How to Adapt to the Changing Environments in Forex Trading
Posted on 6th Jan 2018Consistently profitable forex traders do not blindly rely on luck-instead they do the necessary legwork to make their strategies relevant to variable market conditions. The markets are so diverse that there is no one-size-fits-all approach to them and you have to change your trading behaviour from trade to trade. Most of you devote time to concentrate on a strategy based on entry and exit price. By doing that you often tend to overlook the need of adapting your trading method to different market environments. The markets are always in a flux and there are different phases to it. Sometimes the markets consolidate or are range-bound, break out or there are also trending markets at times. So how do you turn market volatility in your favour? Let's find out:
1.The Right Mindset:
The outcome of each trade is unpredictable and it can sway either way. At the same time the results of your previous trades in no way affect your successive trading results. The outcome of your future orders is not contingent on your recent trades. Once you understand this fact you can easily execute your trades with the right mindset devoid of any fear or remorse.
2.Technical Studies:
You can apply a combination of technical indicators to determine if the market is changing. There are various technical indicators like Candlesticks, MACD, Bollinger Bands, Stochastic Oscillator etc. that aid you in adopting a trend-based forex trading approach. By using these you can accurately gauge volatility, momentum, price action and fine-tune your trades.

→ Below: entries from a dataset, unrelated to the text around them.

(* Let $U$ be the $\mathrm{mcG}(q)$ solution of $\dot u=f(u,t)$, $u(0)=u_0$, with residual $R_i(U,t)=\dot U_i(t)-f_i(U(t),t)$, and let $\tilde R$ be the local $L^2$-projection of $R$ onto the trial space, i.e. $\tilde R_i(U,\cdot)|_{I_{ij}}$ is the $L^2(I_{ij})$-orthogonal projection of $R_i(U,\cdot)|_{I_{ij}}$ onto the polynomials of degree $\le q_{ij}$ on $I_{ij}$, for $j=1,\dots,M_i$, $i=1,\dots,N$. Then every $\tilde R_i(U,\cdot)|_{I_{ij}}$ is a (possibly zero) scalar multiple of the Legendre polynomial of degree $q_{ij}$ on $I_{ij}$, i.e. of $t\mapsto P_{q_{ij}}\big(2(t-t_{i,j-1})/k_{ij}-1\big)$.
   Context: $f:\mathbb{R}^N\times(0,T]\to\mathbb{R}^N$ is bounded and Lipschitz in $u$. For each component $i$: partition $0=t_{i0}<\dots<t_{iM_i}=T$, $I_{ij}=(t_{i,j-1},t_{ij}]$, $k_{ij}=t_{ij}-t_{i,j-1}$, degrees $q_{ij}\ge1$. The $\mathrm{mcG}(q)$ solution $U$: each $U_i$ continuous on $[0,T]$, $U_i|_{I_{ij}}$ a polynomial of degree $\le q_{ij}$, $U(0)=u_0$, and $\int_{I_{ij}}\dot U_iv\,dt=\int_{I_{ij}}f_i(U,t)v\,dt$ for all polynomials $v$ of degree $\le q_{ij}-1$ on $I_{ij}$ (exact integration). $P_q$ is the degree-$q$ Legendre polynomial on $[-1,1]$. *)

theory Defs
  imports "HOL-Analysis.Analysis" "HOL-Computational_Algebra.Polynomial"
begin
fun plus_nz :: "nz \<Rightarrow> nz \<Rightarrow> nz" where
  "plus_nz (Std m) (Std n) = Std (m + n)"
| "plus_nz (Std m) (Nonstd k) = Nonstd (int m + k)"
| "plus_nz (Nonstd k) (Std n) = Nonstd (k + int n)"
| "plus_nz (Nonstd k) (Nonstd l) = Nonstd (k + l)"

definition NZ :: "nz interp" where
  "NZ = \<lparr>izero = Std 0, isucc = succ_nz, ipred = pred_nz, iplus = plus_nz\<rparr>"

lemma NZ_simps [simp]:
  "izero NZ = Std 0" "isucc NZ = succ_nz" "ipred NZ = pred_nz" "iplus NZ = plus_nz"
  by (simp_all add: NZ_def)

lemma T_valid_NZ:
  assumes "b \<in> T"
  shows "eval NZ e b"
proof -
  have "Std 0 \<noteq> succ_nz v" "pred_nz (succ_nz v) = v" "plus_nz v (Std 0) = v"
    "plus_nz v (succ_nz w) = succ_nz (plus_nz v w)" for v w
    by (cases v; cases w; simp)+
  with assms show ?thesis by (auto simp: T_def Neg_def)
qed

fun slope :: "tm \<Rightarrow> int" where
  "slope (Var _) = 1"
| "slope Zero = 0"
| "slope (S t) = slope t"
| "slope (P t) = slope t"
| "slope (Plus t u) = slope t + slope u"

text \<open>For a closed term (\<open>slope t = 0\<close>) the offset is its value in \<open>\<nat>\<close>, where the
predecessor of \<open>0\<close> is \<open>0\<close>.\<close>

fun offset :: "tm \<Rightarrow> int" where
  "offset (Var _) = 0"
| "offset Zero = 0"
| "offset (S t) = offset t + 1"
| "offset (P t) = (if slope t = 0 then max 0 (offset t - 1) else offset t - 1)"
| "offset (Plus t u) = offset t + offset u"
lemma exists_encoder_decoder:
  fixes ch :: "'b \<Rightarrow> 'c \<Rightarrow> bool" and A :: "'a set"
  assumes "finite A" "finite C" "card A \<le> card C"
    and separated: "\<forall>x\<in>C. \<forall>y\<in>C. (\<exists>z. ch x z \<and> ch y z) \<longrightarrow> x = y"
  shows "\<exists>E D. (\<forall>a\<in>A. E a \<in> C) \<and> (\<forall>a\<in>A. \<forall>z. ch (E a) z \<longrightarrow> D z = a)"
proof -
  obtain E where E: "E ` A \<subseteq> C" "inj_on E A"
    using card_le_inj[OF assms(1-3)] by blast
  define D where "D z = (SOME a. a \<in> A \<and> ch (E a) z)" for z
  have "D z = a" if a: "a \<in> A" and z: "ch (E a) z" for a z
  proof -
    have "D z \<in> A \<and> ch (E (D z)) z"
      unfolding D_def using a z by (rule someI[of "\<lambda>a. a \<in> A \<and> ch (E a) z", OF conjI])
    then have "E (D z) = E a"
      using separated E(1) a z by blast
    then show ?thesis
      using E(2) a \<open>D z \<in> A \<and> ch (E (D z)) z\<close> by (meson inj_onD)
  qed
  then show ?thesis
    using E(1) by blast
qed

lemma perms_eq_permutations_of_set: "perms N = permutations_of_set {1..N}"
  unfolding perms_def permutations_of_set_def by (auto dest: distinct_card)

lemma card_perms: "card (perms N) = fact N"
  by (simp add: perms_eq_permutations_of_set)

lemma finite_perms: "finite (perms N)"
  by (simp add: perms_eq_permutations_of_set)

definition stuck_at_confusable :: "nat \<Rightarrow> nat \<Rightarrow> nat list \<Rightarrow> nat list \<Rightarrow> bool" where
  "stuck_at_confusable m t p q \<longleftrightarrow> (\<exists>pe. stuck_at m t p pe \<and> stuck_at m t q pe)"

definition entrywise_adjacent :: "nat list \<Rightarrow> nat list \<Rightarrow> bool" where
  "entrywise_adjacent p q \<longleftrightarrow>
     length q = length p \<and> (\<forall>i<length p. q ! i \<le> Suc (p ! i) \<and> p ! i \<le> Suc (q ! i))"

lemma stuck_at_refl: "stuck_at m t p p"
  unfolding stuck_at_def by (intro conjI exI[of _ "{}"]) simp_all

lemma stuck_at_confusable_refl: "stuck_at_confusable m t p p"
  unfolding stuck_at_confusable_def using stuck_at_refl by blast

lemma stuck_at_confusable_sym: "stuck_at_confusable m t p q \<Longrightarrow> stuck_at_confusable m t q p"
  unfolding stuck_at_confusable_def by blast

lemma entrywise_adjacent_if_stuck_at_confusable:
  assumes "stuck_at_confusable m t p q"
  shows "entrywise_adjacent p q"
proof -
  obtain pe where "stuck_at m t p pe" "stuck_at m t q pe"
    using assms unfolding stuck_at_confusable_def by blast
  then obtain I J where
      "length q = length p"
      "\<forall>i<length p. pe ! i = (if i \<in> I then p ! i - 1 else p ! i)"
      "\<forall>i<length q. pe ! i = (if i \<in> J then q ! i - 1 else q ! i)"
    unfolding stuck_at_def by metis
  moreover have "q ! i \<le> Suc (p ! i) \<and> p ! i \<le> Suc (q ! i)" if "i < length p" for i
    using calculation that by (cases "i \<in> I"; cases "i \<in> J") fastforce+
  ultimately show ?thesis
    unfolding entrywise_adjacent_def by blast
qed

lemma card_indices_eq_card_values:
  assumes "distinct p"
  shows "card {j. j < length p \<and> P (p ! j)} = card {v \<in> set p. P v}"
proof -
  have "{v \<in> set p. P v} = nth p ` {j. j < length p \<and> P (p ! j)}"
    by (auto simp: in_set_conv_nth)
  moreover have "inj_on (nth p) {j. j < length p \<and> P (p ! j)}"
    using assms by (intro inj_on_nth) auto
  ultimately show ?thesis
    by (simp add: card_image)
qed

text \<open>Both permutations have the same number of entries \<open>\<le> x\<close>, so a position where the entry
  crosses the threshold \<open>x\<close> upwards must be balanced by one where it crosses downwards.\<close>

lemma entrywise_adjacent_perms_raise_iff_lower:
  assumes p: "p \<in> perms N" and q: "q \<in> perms N" and adj: "entrywise_adjacent p q"
  shows "(\<exists>j<N. p ! j = x \<and> q ! j = Suc x) \<longleftrightarrow> (\<exists>j<N. p ! j = Suc x \<and> q ! j = x)"
proof -
  have lp: "length p = N" "distinct p" "set p = {1..N}" and lq: "length q = N" "distinct q" "set q = {1..N}"
    using p q unfolding perms_def by auto
  define A where "A = {j. j < N \<and> p ! j \<le> x}"
  define B where "B = {j. j < N \<and> q ! j \<le> x}"
  have "card A = card B"
    using card_indices_eq_card_values[OF lp(2), of "\<lambda>v. v \<le> x"]
      card_indices_eq_card_values[OF lq(2), of "\<lambda>v. v \<le> x"]
    unfolding A_def B_def lp(1,3) lq(1,3) by simp
  moreover have "finite A" "finite B"
    unfolding A_def B_def by auto
  ultimately have "card (A - B) = card (B - A)"
    by (metis card_Diff_subset_Int Int_commute finite_Int)
  then have "A - B = {} \<longleftrightarrow> B - A = {}"
    using \<open>finite A\<close> \<open>finite B\<close> by (metis card_0_eq finite_Diff)
  moreover have "A - B = {j. j < N \<and> p ! j = x \<and> q ! j = Suc x}"
    and "B - A = {j. j < N \<and> p ! j = Suc x \<and> q ! j = x}"
    using adj lp(1) unfolding A_def B_def entrywise_adjacent_def by (auto; fastforce)+
  ultimately show ?thesis
    by blast
qed

definition raised :: "nat list \<Rightarrow> nat list \<Rightarrow> nat set" where
  "raised p q = {p ! j | j. j < length p \<and> q ! j = Suc (p ! j)}"

definition adjacent_swaps :: "nat set \<Rightarrow> nat \<Rightarrow> nat" where
  "adjacent_swaps U v = (if v \<in> U then Suc v else if v \<in> Suc ` U then v - 1 else v)"

lemma nth_eq_adjacent_swaps_raised:
  assumes p: "p \<in> perms N" and q: "q \<in> perms N" and adj: "entrywise_adjacent p q"
    and i: "i < N"
  shows "q ! i = adjacent_swaps (raised p q) (p ! i)"
proof -
  have lp: "length p = N" "distinct p"
    using p unfolding perms_def by auto
  have at_i: "j = i" if "j < N" "p ! j = p ! i" for j
    using lp i that by (metis nth_eq_iff_index_eq)
  note raise_iff_lower = entrywise_adjacent_perms_raise_iff_lower[OF p q adj]
  consider (up) "p ! i \<in> raised p q"
    | (down) "p ! i \<notin> raised p q" "p ! i \<in> Suc ` raised p q"
    | (fixed) "p ! i \<notin> raised p q" "p ! i \<notin> Suc ` raised p q"
    by blast
  then show ?thesis
  proof cases
    case up
    then obtain j where "j < N" "p ! j = p ! i" "q ! j = Suc (p ! i)"
      unfolding raised_def lp(1) by auto
    with up show ?thesis
      using at_i unfolding adjacent_swaps_def by auto
  next
    case down
    then obtain v j where v: "p ! i = Suc v" "j < N" "p ! j = v" "q ! j = Suc v"
      unfolding raised_def lp(1) by auto
    then obtain j' where "j' < N" "p ! j' = Suc v" "q ! j' = v"
      using raise_iff_lower[of v] by blast
    with v down show ?thesis
      using at_i unfolding adjacent_swaps_def by auto
  next
    case fixed
    have "q ! i \<noteq> Suc (p ! i)"
      using fixed(1) i lp(1) unfolding raised_def by auto
    moreover have "p ! i \<noteq> Suc (q ! i)"
    proof
      assume "p ! i = Suc (q ! i)"
      then obtain j where "j < N" "p ! j = q ! i" "q ! j = Suc (q ! i)"
        using raise_iff_lower[of "q ! i"] i by blast
      then have "q ! i \<in> raised p q"
        unfolding raised_def lp(1) by force
      with fixed(2) \<open>p ! i = Suc (q ! i)\<close> show False
        by blast
    qed
    ultimately have "q ! i = p ! i"
      using adj i lp(1) unfolding entrywise_adjacent_def by fastforce
    with fixed show ?thesis
      unfolding adjacent_swaps_def by simp
  qed
qed

lemma inj_on_raised:
  assumes "p \<in> perms N"
  shows "inj_on (raised p) {q \<in> perms N. entrywise_adjacent p q}"
proof (rule inj_onI)
  fix q q' assume q: "q \<in> {q \<in> perms N. entrywise_adjacent p q}"
    and q': "q' \<in> {q \<in> perms N. entrywise_adjacent p q}" and eq: "raised p q = raised p q'"
  show "q = q'"
  proof (rule nth_equalityI)
    show "length q = length q'"
      using q q' unfolding perms_def by simp
    fix i assume "i < length q"
    then have "i < N"
      using q unfolding perms_def by simp
    then show "q ! i = q' ! i"
      using nth_eq_adjacent_swaps_raised[OF assms, of q i] nth_eq_adjacent_swaps_raised[OF assms, of q' i]
        q q' eq by simp
  qed
qed

lemma no_consecutive_raised:
  assumes p: "p \<in> perms N" and q: "q \<in> perms N" and adj: "entrywise_adjacent p q"
  shows "no_consecutive (raised p q)"
  unfolding no_consecutive_def
proof
  have lp: "length p = N" "distinct p"
    using p unfolding perms_def by auto
  fix v assume "v \<in> raised p q"
  then obtain j where "j < N" "p ! j = v" "q ! j = Suc v"
    unfolding raised_def lp(1) by auto
  then obtain j' where j': "j' < N" "p ! j' = Suc v" "q ! j' = v"
    using entrywise_adjacent_perms_raise_iff_lower[OF p q adj, of v] by blast
  show "Suc v \<notin> raised p q"
  proof
    assume "Suc v \<in> raised p q"
    then obtain j'' where "j'' < N" "p ! j'' = Suc v" "q ! j'' = Suc (Suc v)"
      unfolding raised_def lp(1) by auto
    moreover from this j' lp have "j'' = j'"
      by (metis nth_eq_iff_index_eq)
    ultimately show False
      using j' by simp
  qed
qed

lemma raised_if_stuck_at_confusable:
  assumes p: "p \<in> perms N" and q: "q \<in> perms N" and conf: "stuck_at_confusable m t p q"
  shows "raised p q \<subseteq> {m..<N}" and "card (raised p q) \<le> t"
proof -
  have lp: "length p = N" and lq: "length q = N" "set q = {1..N}"
    using p q unfolding perms_def by auto
  obtain pe where pe: "stuck_at m t p pe" "stuck_at m t q pe"
    using conf unfolding stuck_at_confusable_def by blast
  obtain I where I: "\<forall>i<N. pe ! i = (if i \<in> I then p ! i - 1 else p ! i)"
    using pe(1) lp unfolding stuck_at_def by blast
  obtain J where J: "J \<subseteq> {0..<N}" "card J \<le> t" "\<forall>j\<in>J. m < q ! j"
      "\<forall>j<N. pe ! j = (if j \<in> J then q ! j - 1 else q ! j)"
    using pe(2) lq(1) unfolding stuck_at_def by blast
  \<comment> \<open>a raised entry of \<open>q\<close> exceeds \<open>pe\<close>, which never exceeds \<open>p\<close>, so it is stuck\<close>
  have stuck: "j \<in> J" if "j < N" "q ! j = Suc (p ! j)" for j
  proof (rule ccontr)
    assume "j \<notin> J"
    then have "pe ! j = q ! j"
      using J(4) that(1) by simp
    moreover have "pe ! j \<le> p ! j"
      using I that(1) by simp
    ultimately show False
      using that(2) by simp
  qed
  have "q ! j \<le> N" if "j < N" for j
    using that lq nth_mem[of j q] by auto
  then show "raised p q \<subseteq> {m..<N}"
    using stuck J(3) unfolding raised_def lp by fastforce
  have "raised p q \<subseteq> nth p ` J"
    using stuck unfolding raised_def lp by auto
  moreover have "finite J"
    using J(1) finite_subset by blast
  ultimately show "card (raised p q) \<le> t"
    using J(2) by (meson card_image_le card_mono finite_imageI le_trans)
qed

lemma card_stuck_at_confusable_le:
  assumes p: "p \<in> perms N"
  shows "card {q \<in> perms N. stuck_at_confusable m t p q} \<le> (\<Sum>k\<le>t. (N - m + 1 - k) choose k)"
proof -
  define Q where "Q = {q \<in> perms N. stuck_at_confusable m t p q}"
  have "raised p q \<in> (\<Union>k\<le>t. sparse_subsets m (N - m) k)" if "q \<in> Q" for q
  proof -
    have q: "q \<in> perms N" "stuck_at_confusable m t p q"
      using that unfolding Q_def by auto
    have "{m..<N} = {m..<m + (N - m)}"
      by auto
    then have "raised p q \<in> sparse_subsets m (N - m) (card (raised p q))"
      using raised_if_stuck_at_confusable(1)[OF p q] no_consecutive_raised[OF p q(1)]
        entrywise_adjacent_if_stuck_at_confusable[OF q(2)]
      unfolding sparse_subsets_def by simp
    then show ?thesis
      using raised_if_stuck_at_confusable(2)[OF p q] by blast
  qed
  moreover have "inj_on (raised p) Q"
    unfolding Q_def using entrywise_adjacent_if_stuck_at_confusable
    by (intro inj_on_subset[OF inj_on_raised[OF p]]) blast
  ultimately have "card Q \<le> card (\<Union>k\<le>t. sparse_subsets m (N - m) k)"
    using finite_sparse_subsets by (intro card_inj_on_le) auto
  also have "\<dots> \<le> (\<Sum>k\<le>t. card (sparse_subsets m (N - m) k))"
    by (rule card_UN_le) simp
  also have "\<dots> \<le> (\<Sum>k\<le>t. (N - m + 1 - k) choose k)"
    by (intro sum_mono card_sparse_subsets_le)
  finally show ?thesis
    unfolding Q_def .
qed

lemma exists_stuck_at_code:
  "\<exists>C\<subseteq>perms N. (\<forall>p\<in>C. \<forall>q\<in>C. stuck_at_confusable m t p q \<longrightarrow> p = q) \<and>
     card (perms N) \<le> (\<Sum>k\<le>t. (N - m + 1 - k) choose k) * card C"
  using finite_perms stuck_at_confusable_refl stuck_at_confusable_sym card_stuck_at_confusable_le
  by (rule greedy_independent_set)
lemma cosk1_unit_hatbox_surj:
  assumes \<sigma>: "\<sigma> \<in> cosk1_rep hatbox p n"
  shows "\<exists>f. adjacency_preserving n p f \<and> cosk1_unit hatbox p n f = \<sigma>"
proof -
  define f where "f = restrict (\<lambda>x. \<sigma> (0, vertex x) []) (cube n)"
  have \<sigma>_apply: "\<sigma> (k, g) x = f (g x)" if "k \<le> 1" "adjacency_preserving k n g" "length x = k"
    for k g x
    using cosk1_rep_hatbox_apply[OF \<sigma> that] adjacency_preserving_PiE[OF that(2)] that(3)
    by (auto simp: f_def PiE_iff)
  have \<sigma>_mem: "adjacency_preserving k p (\<sigma> (k, g))" if "k \<le> 1" "adjacency_preserving k n g" for k g
    using \<sigma> that by (auto simp: cosk1_rep_def)
  have "f \<in> cube n \<rightarrow>\<^sub>E cube p"
  proof -
    have "length (f x) = p" if "length x = n" for x
      using \<sigma>_mem[of 0 "vertex x"] adjacency_preserving_vertex[of x] that
        adjacency_preserving_from_0_iff[of p] by (auto simp: f_def)
    then show ?thesis
      by (auto simp: f_def)
  qed
  moreover have "cover (f x) (f y)" if "length x = n" "cover x y" for x y
  proof -
    have g: "adjacency_preserving 1 n (edge x y)"
      using that adjacency_preserving_from_1_iff by blast
    then show ?thesis
      using adjacency_preserving_from_1_cover[OF \<sigma>_mem[OF _ g]] \<sigma>_apply[OF _ g] by simp
  qed
  ultimately have f_ap: "adjacency_preserving n p f"
    by (rule cover_preserving_imp_adjacency_preserving)
  have "cosk1_unit hatbox p n f = \<sigma>"
  proof (rule extensionalityI[of _ "trunc_dom hatbox n"])
    show "\<sigma> \<in> extensional (trunc_dom hatbox n)"
      using \<sigma> by (simp add: cosk1_rep_def)
    fix kg assume "kg \<in> trunc_dom hatbox n"
    then obtain k g where kg: "kg = (k, g)" "k \<le> 1" "adjacency_preserving k n g"
      by (cases kg) auto
    have "\<sigma> (k, g) \<in> extensional (cube k)"
      using adjacency_preserving_PiE[OF \<sigma>_mem[OF kg(2,3)]] by (simp add: PiE_iff)
    then have "ccomp k f g = \<sigma> (k, g)"
      unfolding ccomp_def using \<sigma>_apply[OF kg(2,3)]
      by (intro extensionalityI[of _ "cube k"]) auto
    then show "cosk1_unit hatbox p n f kg = \<sigma> kg"
      using kg by (simp add: cosk1_unit_def)
  qed (simp add: cosk1_unit_def)
  with f_ap show ?thesis
    by blast
qed

lemma cosk1_unit_hatbox_bij:
  "bij_betw (cosk1_unit hatbox p n) (Hom hatbox n p) (cosk1_rep hatbox p n)"
proof (rule bij_betw_imageI[OF inj_on_cosk1_unit_hatbox])
  show "cosk1_unit hatbox p n ` Hom hatbox n p = cosk1_rep hatbox p n"
  proof (intro equalityI subsetI)
    fix \<sigma> assume "\<sigma> \<in> cosk1_rep hatbox p n"
    then obtain f where "adjacency_preserving n p f" "cosk1_unit hatbox p n f = \<sigma>"
      using cosk1_unit_hatbox_surj by blast
    then show "\<sigma> \<in> cosk1_unit hatbox p n ` Hom hatbox n p"
      by (auto intro: rev_image_eqI)
  qed (use cosk1_unit_mem_cosk1_rep[OF category_of_cubes_hatbox] in \<open>auto simp del: mem_hatbox\<close>)
qed

lemma shell_complete_hatbox: "shell_complete hatbox"
  by (simp add: shell_complete_def cosk1_unit_hatbox_bij)

section \<open>Uniqueness\<close>

lemma trunc_dom_eq_hatbox: "category_of_cubes A \<Longrightarrow> trunc_dom A n = trunc_dom hatbox n"
  by (auto simp: trunc_dom_def category_of_cubes_low_dim simp del: mem_hatbox)

lemma cosk1_rep_eq_hatbox:
  assumes A: "category_of_cubes A"
  shows "cosk1_rep A p n = cosk1_rep hatbox p n"
  unfolding cosk1_rep_def trunc_dom_eq_hatbox[OF A]
  by (auto simp: category_of_cubes_low_dim[OF A] simp del: mem_hatbox)

lemma cosk1_unit_eq_hatbox:
  assumes A: "category_of_cubes A"
  shows "cosk1_unit A p n = cosk1_unit hatbox p n"
  by (rule ext) (simp add: cosk1_unit_def trunc_dom_eq_hatbox[OF A])

lemma shell_complete_Hom_eq_hatbox:
  assumes A: "category_of_cubes A" "shell_complete A" and p: "2 \<le> p"
  shows "Hom A n p = Hom hatbox n p"
proof -
  have "cosk1_unit hatbox p n ` Hom A n p = cosk1_unit hatbox p n ` Hom hatbox n p"
    using A p bij_betw_imp_surj_on[OF cosk1_unit_hatbox_bij]
    by (auto simp: shell_complete_def cosk1_rep_eq_hatbox cosk1_unit_eq_hatbox bij_betw_def)
  moreover have "Hom A n p \<subseteq> Hom hatbox n p"
    using category_of_cubes_subset_hatbox[OF A(1)] by (auto simp: Hom_def)
  ultimately show ?thesis
    using inj_on_image_eq_iff[OF inj_on_cosk1_unit_hatbox] by blast
qed

lemma category_of_cubes_shell_complete_unique:
  assumes A: "category_of_cubes A" "shell_complete A"
  shows "A = hatbox"
proof (intro equalityI category_of_cubes_subset_hatbox[OF A(1)] subsetI, clarify)
  fix n p f assume f: "(n, p, f) \<in> hatbox"
  show "(n, p, f) \<in> A"
  proof (cases "2 \<le> p")
    case True
    with f show ?thesis
      using shell_complete_Hom_eq_hatbox[OF A True, of n] mem_Hom by metis
  next
    case False
    moreover have "n \<le> p"
      using f strictly_increasing_dim_le by (auto simp: adjacency_preserving_def)
    ultimately show ?thesis
      using f category_of_cubes_low_dim[OF A(1)] by simp
  qed
qed

theorem theorem7p15:
  shows "category_of_cubes hatbox \<and> shell_complete hatbox \<and>
         (\<forall>A. category_of_cubes A \<and> shell_complete A \<longrightarrow> A = hatbox)"
  using category_of_cubes_hatbox shell_complete_hatbox category_of_cubes_shell_complete_unique
  by blast

end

3.Place Wider Stop Losses and Take Profits:
Your stop loss should be set wider when volatility increases. That is because when prices spike, they might surpass your entry, head to your stop loss before heading for your original take profit. When forex markets are volatile you have to use bigger take profit orders as well, to control the volatile moves and earn more profits. Imagine your disappointment on finding that a price movement forced your exit before you could even make money. The reverse is true in less volatile market conditions and stop loss orders should be set a little nearer to your entry. Also, your take profit orders need to be set nearer to your entry too.
4.A Trading Edge:
A trading methodology with a cent per cent win rate simply does not exist. Successful traders are forever looking for market opportunities and always willing to tweak them as per their requirements. Winning and losing trades are randomly distributed, and a trader must initiate several trades over a time-frame to get winning ones. If you base a series of trades on a set of favourable conditions or edge that you have identified, then the probability of having winning trades increases over time. This is called a trading edge. Thus once you have a market edge you are less likely to fret over wins or losses and will be more confident that sooner or later your edge will give positive results.
Even the best strategies fail in certain market conditions. As a trader it is imperative on your part to make the odds work in your favour irrespective of the market situation and mould forex trading strategies for success.